Friday, April 14, 2006

My Week On The Sofa...

I've done a respectable amount of reading recently which I, of course, have failed to note here. To begin with, I've read the early Babar books by Jean de Brunhoff. I truly felt as if this needed to be done and, now, since reading them, I'm wondering what all the fuss has been about, historically and personally.

I didn't enjoy The Story of Babar The Little Elephant, Babar The King or Babar and His Children. Perhaps, if read in the original French... Anyway, I didn't find anything at all amazing about the text or in the illustrations. Why is Babar so popular? I know that this will be a question that motivates me to read more about the elephant king.

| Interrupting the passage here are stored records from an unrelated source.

(* Let $N\ge1$, let $d_1,\dots,d_N$ be positive integers, and for each $l$ fix a basis $\{\mathbf{G}^{(l)}_i\}_{i=0}^{d_l^2-1}$ of the complex $d_l\times d_l$ matrices with $\mathbf{G}^{(l)}_0=\mathbf{I}_{d_l}$, $\mathrm{Tr}(\mathbf{G}^{(l)}_i)=0$ and $\mathrm{Tr}\big((\mathbf{G}^{(l)}_i)^\dagger\mathbf{G}^{(l)}_{i'}\big)=\kappa_l\delta_{ii'}$ for $i,i'\ge1$, where $\kappa_l\ge1$. For every quantum state $\rho$ on $\mathbb{C}^{d_1}\otimes\cdots\otimes\mathbb{C}^{d_N}$, its correlation tensor $\mathcal{T}^{(1\cdots N)}\in\mathbb{C}^{(d_1^2-1)\times\cdots\times(d_N^2-1)}$, with entries $t^{(1\cdots N)}_{i_1\cdots i_N}=\frac{d_1\cdots d_N}{\kappa_1\cdots\kappa_N}\mathrm{Tr}\big(\rho\,(\mathbf{G}^{(1)}_{i_1}\otimes\cdots\otimes\mathbf{G}^{(N)}_{i_N})\big)$ ($i_l\in\{1,\dots,d_l^2-1\}$), satisfies $\|\mathcal{T}^{(1\cdots N)}\|_F^2\le\mathfrak{m}^{(1\cdots N)}$, where, with $D=d_1\cdots d_N$, $K=\kappa_1\cdots\kappa_N$ and $d=\max_{l}d_l$, $$\mathfrak{m}^{(1\cdots N)}=\begin{cases}\frac{d_1^2-d_1}{\kappa_1}, & N=1,\\[2pt] \frac{D}{K}\Big(D+\frac{1}{N-1}-\frac{D}{N-1}\sum_{l=1}^N\frac{1}{d_l^2}\Big), & N=2,\ \text{or } N\ge3 \text{ and } \frac{D}{d^2}<1,\\[2pt] \frac{D}{K}\Big(D+\frac{2}{N-2}-\frac{D}{N-2}\sum_{l=1}^N\frac{1}{d_l^2}\Big), & N\ge3 \text{ and } \frac{D}{d^2}\ge1.\end{cases}$$
   Context: A quantum state is a positive semidefinite trace-one matrix. $\|\cdot\|_F$ is the Frobenius norm (square root of the sum of squared moduli of all entries). *)

theory Defs
  imports "HOL-Analysis.Analysis"
begin

text \<open>Composite system C^{d_0} x ... x C^{d_{N-1}} (parties indexed 0..N-1).
  Computational basis indices are functions a with a l < d l for l < N
  (extensional outside {..<N}).\<close>
definition idx :: "nat \<Rightarrow> (nat \<Rightarrow> nat) \<Rightarrow> (nat \<Rightarrow> nat) set" where
  "idx N d = PiE {..<N} (\<lambda>l. {..<d l})"

definition quantum_state :: "nat \<Rightarrow> (nat \<Rightarrow> nat) \<Rightarrow> ((nat \<Rightarrow> nat) \<Rightarrow> (nat \<Rightarrow> nat) \<Rightarrow> complex) \<Rightarrow> bool" where
  "quantum_state N d \<rho> \<longleftrightarrow>
     (\<forall>v :: (nat \<Rightarrow> nat) \<Rightarrow> complex.
        let s = (\<Sum>a\<in>idx N d. \<Sum>b\<in>idx N d. cnj (v a) * \<rho> a b * v b) in Im s = 0 \<and> Re s \<ge> 0)
   \<and> (\<Sum>a\<in>idx N d. \<rho> a a) = 1"

definition gen_basis :: "nat \<Rightarrow> real \<Rightarrow> (nat \<Rightarrow> nat \<Rightarrow> nat \<Rightarrow> complex) \<Rightarrow> bool" where
  "gen_basis n \<kappa> G \<longleftrightarrow>
     (\<forall>c :: nat \<Rightarrow> complex.
        (\<forall>a<n. \<forall>b<n. (\<Sum>i<n\<^sup>2. c i * G i a b) = 0) \<longrightarrow> (\<forall>i<n\<^sup>2. c i = 0))
   \<and> (\<forall>a<n. \<forall>b<n. G 0 a b = (if a = b then 1 else 0))
   \<and> (\<forall>i. 1 \<le> i \<and> i < n\<^sup>2 \<longrightarrow> (\<Sum>a<n. G i a a) = 0)
   \<and> (\<forall>i i'. 1 \<le> i \<and> i < n\<^sup>2 \<and> 1 \<le> i' \<and> i' < n\<^sup>2 \<longrightarrow>
        (\<Sum>a<n. \<Sum>b<n. cnj (G i b a) * G i' b a) = (if i = i' then complex_of_real \<kappa> else 0))"

definition corr_entry ::
  "nat \<Rightarrow> (nat \<Rightarrow> nat) \<Rightarrow> (nat \<Rightarrow> real) \<Rightarrow> (nat \<Rightarrow> nat \<Rightarrow> nat \<Rightarrow> nat \<Rightarrow> complex)
   \<Rightarrow> ((nat \<Rightarrow> nat) \<Rightarrow> (nat \<Rightarrow> nat) \<Rightarrow> complex) \<Rightarrow> (nat \<Rightarrow> nat) \<Rightarrow> complex" where
  "corr_entry N d \<kappa> G \<rho> i =
     complex_of_real ((\<Prod>l<N. real (d l)) / (\<Prod>l<N. \<kappa> l)) *
     (\<Sum>a\<in>idx N d. \<Sum>b\<in>idx N d. \<rho> a b * (\<Prod>l<N. G l (i l) (b l) (a l)))"

definition corr_idx :: "nat \<Rightarrow> (nat \<Rightarrow> nat) \<Rightarrow> (nat \<Rightarrow> nat) set" where
  "corr_idx N d = PiE {..<N} (\<lambda>l. {1..<(d l)\<^sup>2})"

definition frob_sq_corr ::
  "nat \<Rightarrow> (nat \<Rightarrow> nat) \<Rightarrow> (nat \<Rightarrow> real) \<Rightarrow> (nat \<Rightarrow> nat \<Rightarrow> nat \<Rightarrow> nat \<Rightarrow> complex)
   \<Rightarrow> ((nat \<Rightarrow> nat) \<Rightarrow> (nat \<Rightarrow> nat) \<Rightarrow> complex) \<Rightarrow> real" where
  "frob_sq_corr N d \<kappa> G \<rho> = (\<Sum>i\<in>corr_idx N d. (cmod (corr_entry N d \<kappa> G \<rho> i))\<^sup>2)"

definition mbound :: "nat \<Rightarrow> (nat \<Rightarrow> nat) \<Rightarrow> (nat \<Rightarrow> real) \<Rightarrow> real" where
  "mbound N d \<kappa> =
    (let D = (\<Prod>l<N. real (d l)); K = (\<Prod>l<N. \<kappa> l); dm = real (Max (d ` {..<N}));
         S = (\<Sum>l<N. 1 / (real (d l))\<^sup>2) in
     if N = 1 then ((real (d 0))\<^sup>2 - real (d 0)) / \<kappa> 0
     else if N = 2 \<or> (N \<ge> 3 \<and> D / dm\<^sup>2 < 1)
       then D / K * (D + 1 / (real N - 1) - D / (real N - 1) * S)
     else D / K * (D + 2 / (real N - 2) - D / (real N - 2) * S))"

end

(* For a pure state psi, let x i = |Tr (psi psi^* G_i)|^2 / ||G_i||^2 for every multi-index i,
   zero entries included. Completeness of the local bases shows that the x i supported in a set S
   of parties add up to Tr (rho_S^2) / prod_{l not in S} d_l, where rho_S is the marginal on S,
   while the squared norm of the correlation tensor is D^2 / K times the sum of the x i of full
   support. For a pure state complementary marginals have equal purity and the empty and the full
   marginal both have purity 1; counting how often a multi-index is supported in the complement
   of a single party, or in a single party, turns these identities into linear inequalities that
   give the bound. A mixed state is a sum of unnormalised pure states w_k w_k^* (Gram
   decomposition); the bound for w_k is c ||w_k||^4, so Minkowski's inequality carries it over,
   the ||w_k||^2 summing to 1. *)

theory Submission
  imports Defs "Jordan_Normal_Form.Determinant"
begin

section \<open>Orthogonal bases of matrix spaces\<close>

definition basis_sqnorm :: "nat \<Rightarrow> real \<Rightarrow> nat \<Rightarrow> real" where
  "basis_sqnorm n \<kappa> j = (if j = 0 then real n else \<kappa>)"

lemma basis_sqnorm_pos: "0 < n \<Longrightarrow> 0 < \<kappa> \<Longrightarrow> 0 < basis_sqnorm n \<kappa> j"
  unfolding basis_sqnorm_def by simp

lemma gen_basis_identity_inner:
  assumes "gen_basis n \<kappa> G"
  shows "(\<Sum>a<n. \<Sum>b<n. cnj (G 0 a b) * M a b) = (\<Sum>a<n. M a a)"
proof -
  have "(\<Sum>a<n. \<Sum>b<n. cnj (G 0 a b) * M a b) = (\<Sum>a<n. \<Sum>b<n. if a = b then M a b else 0)"
    using assms unfolding gen_basis_def by (intro sum.cong refl) auto
  then show ?thesis by simp
qed

lemma gen_basis_orthogonal:
  assumes gb: "gen_basis n \<kappa> G" and j: "j < n\<^sup>2" and j': "j' < n\<^sup>2"
  shows "(\<Sum>a<n. \<Sum>b<n. cnj (G j a b) * G j' a b)
    = (if j = j' then complex_of_real (basis_sqnorm n \<kappa> j) else 0)"
proof -
  have trace: "(\<Sum>a<n. G i a a) = (if i = 0 then of_nat n else 0)" if "i < n\<^sup>2" for i
    using gb that unfolding gen_basis_def by (cases "i = 0") auto
  consider "j = 0" | "j' = 0" "j \<noteq> 0" | "j \<noteq> 0" "j' \<noteq> 0" by blast
  then show ?thesis
  proof cases
    case 1
    then show ?thesis
      using gen_basis_identity_inner[OF gb] trace[OF j'] by (simp add: basis_sqnorm_def)
  next
    case 2
    have "(\<Sum>a<n. \<Sum>b<n. cnj (G j a b) * G j' a b) = cnj (\<Sum>a<n. \<Sum>b<n. cnj (G 0 a b) * G j a b)"
      using 2 by (simp add: mult.commute)
    then show ?thesis using 2 gen_basis_identity_inner[OF gb] trace[OF j] by simp
  next
    case 3
    then show ?thesis
      using gb j j' sum.swap[of "\<lambda>a b. cnj (G j a b) * G j' a b"]
      unfolding gen_basis_def basis_sqnorm_def by auto
  qed
qed

lemma pair_code_less:
  fixes a b n :: nat
  assumes "a < n" "b < n"
  shows "a * n + b < n\<^sup>2"
proof -
  have "a * n + b < (a + 1) * n" using assms by simp
  also have "\<dots> \<le> n * n" using assms by (intro mult_right_mono) auto
  finally show ?thesis by (simp add: power2_eq_square)
qed

lemma sum_lessThan_mult_div_mod:
  fixes n :: nat
  shows "(\<Sum>p<n * n. f (p div n) (p mod n)) = (\<Sum>a<n. \<Sum>b<n. f a b)"
proof -
  have n_pos: "0 < n" if "p < n * n" for p
    using that by (cases n) auto
  have "(\<Sum>p<n * n. f (p div n) (p mod n)) = (\<Sum>(a, b)\<in>{..<n} \<times> {..<n}. f a b)"
    by (rule sum.reindex_bij_witness[where i = "\<lambda>(a, b). a * n + b" and j = "\<lambda>p. (p div n, p mod n)"])
      (auto simp: less_mult_imp_div_less pair_code_less[unfolded power2_eq_square] dest: n_pos)
  then show ?thesis by (simp add: sum.cartesian_product)
qed

(* The matrix with rows G j (indexed by a * n + b) has a right inverse by orthogonality, hence
   also a left inverse, and the left-inverse identity is completeness. *)
lemma gen_basis_complete:
  assumes gb: "gen_basis n \<kappa> G" and \<kappa>: "0 < \<kappa>"
    and x1: "x1 < n" and x2: "x2 < n" and y1: "y1 < n" and y2: "y2 < n"
  shows "(\<Sum>j<n\<^sup>2. G j x1 x2 * cnj (G j y1 y2) / complex_of_real (basis_sqnorm n \<kappa> j))
    = (if x1 = y1 \<and> x2 = y2 then 1 else 0)"
proof -
  have n: "0 < n" using x1 by simp
  let ?w = "\<lambda>j. complex_of_real (basis_sqnorm n \<kappa> j)"
  define A :: "complex mat" where "A = mat (n\<^sup>2) (n\<^sup>2) (\<lambda>(j, p). G j (p div n) (p mod n))"
  define B :: "complex mat" where "B = mat (n\<^sup>2) (n\<^sup>2) (\<lambda>(p, j). cnj (G j (p div n) (p mod n)) / ?w j)"
  have A: "A \<in> carrier_mat (n\<^sup>2) (n\<^sup>2)" and B: "B \<in> carrier_mat (n\<^sup>2) (n\<^sup>2)"
    unfolding A_def B_def by auto
  have "A * B = 1\<^sub>m (n\<^sup>2)"
  proof (rule eq_matI)
    fix i j assume "i < dim_row (1\<^sub>m (n\<^sup>2))" "j < dim_col (1\<^sub>m (n\<^sup>2))"
    then have i: "i < n\<^sup>2" and j: "j < n\<^sup>2" by auto
    have "(A * B) $$ (i, j) = (\<Sum>p<n * n. G i (p div n) (p mod n) * (cnj (G j (p div n) (p mod n)) / ?w j))"
      using i j unfolding A_def B_def by (simp add: scalar_prod_def power2_eq_square lessThan_atLeast0)
    also have "\<dots> = (\<Sum>a<n. \<Sum>b<n. G i a b * (cnj (G j a b) / ?w j))"
      by (rule sum_lessThan_mult_div_mod)
    also have "\<dots> = cnj (\<Sum>a<n. \<Sum>b<n. cnj (G i a b) * G j a b) / ?w j"
      by (simp add: sum_divide_distrib)
    also have "\<dots> = 1\<^sub>m (n\<^sup>2) $$ (i, j)"
      using gen_basis_orthogonal[OF gb i j] basis_sqnorm_pos[OF n \<kappa>, of i] i j by auto
    finally show "(A * B) $$ (i, j) = 1\<^sub>m (n\<^sup>2) $$ (i, j)" .
  qed (auto simp: A_def B_def)
  then have BA: "B * A = 1\<^sub>m (n\<^sup>2)" by (rule mat_mult_left_right_inverse[OF A B])
  have enc: "a * n + b < n\<^sup>2" "(a * n + b) div n = a" "(a * n + b) mod n = b"
    if "a < n" "b < n" for a b
    using that by (auto simp: pair_code_less)
  have "(B * A) $$ (y1 * n + y2, x1 * n + x2)
      = (\<Sum>j<n\<^sup>2. cnj (G j y1 y2) / ?w j * G j x1 x2)"
    using enc[OF y1 y2] enc[OF x1 x2] unfolding A_def B_def
    by (simp add: scalar_prod_def lessThan_atLeast0)
  moreover have "(B * A) $$ (y1 * n + y2, x1 * n + x2) = (if x1 = y1 \<and> x2 = y2 then 1 else 0)"
    using BA enc[OF y1 y2] enc[OF x1 x2] by (metis index_one_mat(1))
  ultimately show ?thesis by (simp add: ac_simps)
qed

This past week also, having found a vintage, non-ex libris copy of Amelia Bedelia and a more recent edition of Come Back, Amelia Bedelia, both by Peggy Parish, both on the library sale shelf, both were read in a rare few moments of silence.

Surprisingly, these two books are quite philosophical: they articulate the quest to find ourselves in a unique way. Jump ahead one paragraph to avoid what might be a spoiler: Amelia Bedelia's glaring deficiencies in certain areas of her life actually illustrate this quest without the character's personal insight.

(I'd only vague memories of hearing about the titular character in my adulthood. Having been deprived of children's books in my childhood is actually giving me a great sense of discovery.)

Just when it seemed that The Cat in the Hat and Babar and The Ghost would be the extent of bedtime reading...My daughter now requests Olivia and Olivia and The Missing Toy by Ian Falconer (primarily, the latter). I can't recall just how I stumbled across this little gem of a character but I do remember that I'd hoped that my little girl would like it. Now that she's old enough to appreciate it--she's almost three--my wish has come true. Olivia, the pig with lots of personality, has become part of the family.

My husband, back from a short business trip later in the week, brought us books as presents: for the little one, it was When I Miss You: A Concept Book by Cornelia Maude Spelman, illustrated by Kathy Parkinson; for me, One Hundred Years of Solitude by Gabriel Garcia Marquez.

During baby nap-times and moments of relative peace (for I'm able to read with background noise), I've bored much of the way through Blowing My Cover: My Life As A CIA Spy And Other Misadventures by Lindsay Moran. Unfortunately, I did not read anything of Middlemarch this week.